Sometimes a concept gets labelled with more acronyms than people know what to do with. Everybody knows a different ‘name’ for the same thing. We make up our own. We get lost in a sea of made-up jargon.


No, this post is not about preparation. Most members of Toastmasters will recognise PREP as a format for speaking. Everyone else may recognise it as getting ready (preparation). But PREP is also great for writing blogs or essays. Having just finished a degree, I should have been using PREP at the start of my course. It’s as easy as:

Point: of view or idea

Reason: why

Example: of the point in action

Point: restated


Why is this acronym getting so much attention in this blog? Because it is so much better than the one a particularly youthful lecturer uses. Every single class taught by this person at university were reminded the same rule: alter it before telling your younger siblings about it. Is it unprofessional, or just mucking around? Remember to read this one vertically:

Statement: of the point of view or the idea.

Explanation: of why the point matters or why the idea will work.

X-ample: or example, to illustrate how the idea would work in reality.

Your point


There are alternatives. As good as they are, I would like to simplify it more. Tam suggests a new acronym in her blog with some help from Prezi. However, it looks a bit more complicated than PREP. “SKEEPSGG”stands for statement, keyword, explanation, example, personal statement, generalisation, globalisation. “SKEEPSGG” looks quite helpful.
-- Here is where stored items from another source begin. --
(* Consider the problem and algorithm AC2CD described in the context. At every outer iteration $k$, \[ f(x^k)-f(x^{k+1})\ge\frac{\gamma}{A_u}\,\|x^{k+1}-x^k\|_{\langle j(k)\rangle}^2. \]
   Context: Problem: minimize $f(x)$ subject to $e^T x = b$ and $l_i \le x_i \le u_i$ ($i=1,\dots,n$), where $n\ge 2$, $e$ is the all-ones vector, $b\in\mathbb{R}$, $l_i\in\mathbb{R}\cup\{-\infty\}$, $u_i\in\mathbb{R}\cup\{+\infty\}$, $l_i<u_i$, and $f:\mathbb{R}^n\to\mathbb{R}$ is continuously differentiable with $\nabla f$ Lipschitz continuous on $\mathbb{R}^n$. $\mathcal F$ is the feasible set, $e_i$ the $i$th unit vector. $\|x\|_{\langle j\rangle}=\sqrt{\sum_{i\ne j}x_i^2}$. For $x\in\mathcal F$, $D_h(x)=\min\{x_h-l_h,u_h-x_h\}$. Algorithm AC2CD with parameters $\tau\in(0,1]$, $\gamma,\delta\in(0,1)$, $0<A_l\le A_u<\infty$ and starting point $x^0\in\mathcal F$: for $k=0,1,2,\dots$: let $D^k=\max_h D_h(x^k)$; choose $j(k)$ with $D_{j(k)}(x^k)\ge\tau D^k$; choose a permutation $(p^k_1,\dots,p^k_n)$ of $\{1,\dots,n\}$; set $z^{k,1}=x^k$; for $i=1,\dots,n$ (inner iteration $(k,i)$): $g^{k,i}=\nabla_{j(k)}f(z^{k,i})-\nabla_{p^k_i}f(z^{k,i})$, $d^{k,i}=g^{k,i}(e_{p^k_i}-e_{j(k)})$; $\bar\alpha^{k,i}=\min\{u_{p^k_i}-z^{k,i}_{p^k_i},z^{k,i}_{j(k)}-l_{j(k)}\}/g^{k,i}$ if $g^{k,i}>0$, $=\min\{z^{k,i}_{p^k_i}-l_{p^k_i},u_{j(k)}-z^{k,i}_{j(k)}\}/|g^{k,i}|$ if $g^{k,i}<0$, $=0$ if $g^{k,i}=0$; choose $A^{k,i}\in[A_l,A_u]$, set $\Delta^{k,i}=\min\{\bar\alpha^{k,i},A^{k,i}\}$; starting from $\alpha=\Delta^{k,i}$, while $f(z^{k,i}+\alpha d^{k,i})>f(z^{k,i})+\gamma\alpha\nabla f(z^{k,i})^Td^{k,i}$ replace $\alpha$ by $\delta\alpha$; $\alpha^{k,i}$ is the final $\alpha$ and $z^{k,i+1}=z^{k,i}+\alpha^{k,i}d^{k,i}$. Then $x^{k+1}=z^{k,n+1}$. Standing assumptions: $\mathcal L_0=\{x\in\mathcal F: f(x)\le f(x^0)\}$ is nonempty and compact, and every $x\in\mathcal L_0$ has some index $i$ with $l_i<x_i<u_i$. *)

theory Defs
  imports "HOL-Analysis.Analysis" "HOL-Library.Extended_Real"
begin

text \<open>Vectors of R^n are rendered as real^'n (index type 'n, n = CARD('n)).
  Bounds l_i in R \<union> {-\<infinity>}, u_i in R \<union> {+\<infinity>} are extended reals.\<close>

definition feasible :: "('n::finite \<Rightarrow> ereal) \<Rightarrow> ('n \<Rightarrow> ereal) \<Rightarrow> real \<Rightarrow> real^'n \<Rightarrow> bool" where
  "feasible l u b x \<longleftrightarrow> (\<Sum>i\<in>UNIV. x $ i) = b \<and> (\<forall>i. l i \<le> ereal (x $ i) \<and> ereal (x $ i) \<le> u i)"

definition Dh :: "('n::finite \<Rightarrow> ereal) \<Rightarrow> ('n \<Rightarrow> ereal) \<Rightarrow> real^'n \<Rightarrow> 'n \<Rightarrow> ereal" where
  "Dh l u x h = min (ereal (x $ h) - l h) (u h - ereal (x $ h))"

definition norm_excl :: "'n::finite \<Rightarrow> real^'n \<Rightarrow> real" where
  "norm_excl j x = sqrt (\<Sum>i\<in>UNIV - {j}. (x $ i)^2)"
And this blogger knows more about learning. But there are other options. Then Bored of Studies lists a couple more options “PEAL (Point, Evidence, Analysis, Link), PACT (Purpose, Analysis, Context, Techniques)”. They’re great too – but why remember two acronyms when you can use one? Let’s keep it simple.

In the spirit of keeping it clean and understandable, don’t get bogged down in jargon. Just PREP (and prepare too).